THE PROBLEM:
Each line of the records below that includes "also" adds one to the count; state the final count by itself.

== AVAILABLE DATA

lemma gram_mult_orthogonal:
  fixes A G :: "'a :: comm_ring_1 mat"
  assumes A: "A \<in> carrier_mat n T" and G: "G \<in> carrier_mat T T" and GGt: "G * G\<^sup>T = 1\<^sub>m T"
  shows "(A * G) * (A * G)\<^sup>T = A * A\<^sup>T"
proof -
  have "(A * G) * (A * G)\<^sup>T = A * G * (G\<^sup>T * A\<^sup>T)"
    using transpose_mult[OF A G] by simp
  also have "\<dots> = A * (G * G\<^sup>T * A\<^sup>T)"
    using A G by (simp add: assoc_mult_mat[of A n T G T _ n] assoc_mult_mat[of G T T _ T _ n])
  also have "\<dots> = A * (G * G\<^sup>T) * A\<^sup>T"
    using A G by (simp add: assoc_mult_mat[of A n T _ T _ n])
  finally show ?thesis using A GGt by simp
qed

lemma orth_mats_inner_cols:
  assumes W: "W \<in> orth_mats T" and ij: "i < T" "j < T"
  shows "col W i \<bullet> col W j = (if i = j then 1 else 0)"
proof -
  have WC: "W \<in> carrier_mat T T" and WtW: "W\<^sup>T * W = 1\<^sub>m T" using W unfolding orth_mats_def by auto
  have "(W\<^sup>T * W) $$ (i,j) = col W i \<bullet> col W j" using WC ij by simp
  then show ?thesis using WtW ij by simp
qed

lemma orth_mats_mult_transpose:
  assumes "W \<in> orth_mats T"
  shows "W * W\<^sup>T = 1\<^sub>m T"
  using assms mat_mult_left_right_inverse[of "W\<^sup>T" T W] unfolding orth_mats_def by auto

lemma exists_unit_vec_orthogonal:
  fixes w :: "nat \<Rightarrow> real vec"
  assumes k: "k < T" and w: "\<And>i. i < k \<Longrightarrow> w i \<in> carrier_vec T"
  shows "\<exists>u \<in> carrier_vec T. (\<forall>i<k. w i \<bullet> u = 0) \<and> u \<bullet> u = 1"
proof -
  (* A has the rows w i and a zero last row, so it is singular; a kernel vector is orthogonal
     to every w i. *)
  define A :: "real mat"
    where "A = mat\<^sub>r T T (\<lambda>i. if i = T - 1 then 0\<^sub>v T else if i < k then w i else 0\<^sub>v T)"
  have A: "A \<in> carrier_mat T T" unfolding A_def by simp
  have "det A = 0" unfolding A_def by (rule det_row_0) (use k w in auto)
  then obtain v where v: "v \<in> carrier_vec T" "v \<noteq> 0\<^sub>v T" "A *\<^sub>v v = 0\<^sub>v T"
    using det_0_iff_vec_prod_zero_field[OF A] by blast
  have orth: "w i \<bullet> v = 0" if i: "i < k" for i
  proof -
    have "(A *\<^sub>v v) $ i = w i \<bullet> v" using i k w[OF i] unfolding A_def by simp
    then show ?thesis using v(3) i k by simp
  qed
  define s where "s = v \<bullet> v"
  have "s > 0" unfolding s_def using conjugate_square_greater_0_vec[OF v(1)] v(2) by simp
  define u where "u = (1 / sqrt s) \<cdot>\<^sub>v v"
  have "u \<bullet> u = 1" unfolding u_def using v(1) \<open>s > 0\<close> by (simp add: s_def[symmetric])
  moreover have "w i \<bullet> u = 0" if "i < k" for i
    unfolding u_def using orth[OF that] v(1) w[OF that] by simp
  moreover have "u \<in> carrier_vec T" unfolding u_def using v(1) by simp
  ultimately show ?thesis by blast
qed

====

WRITTEN SOLUTION:
2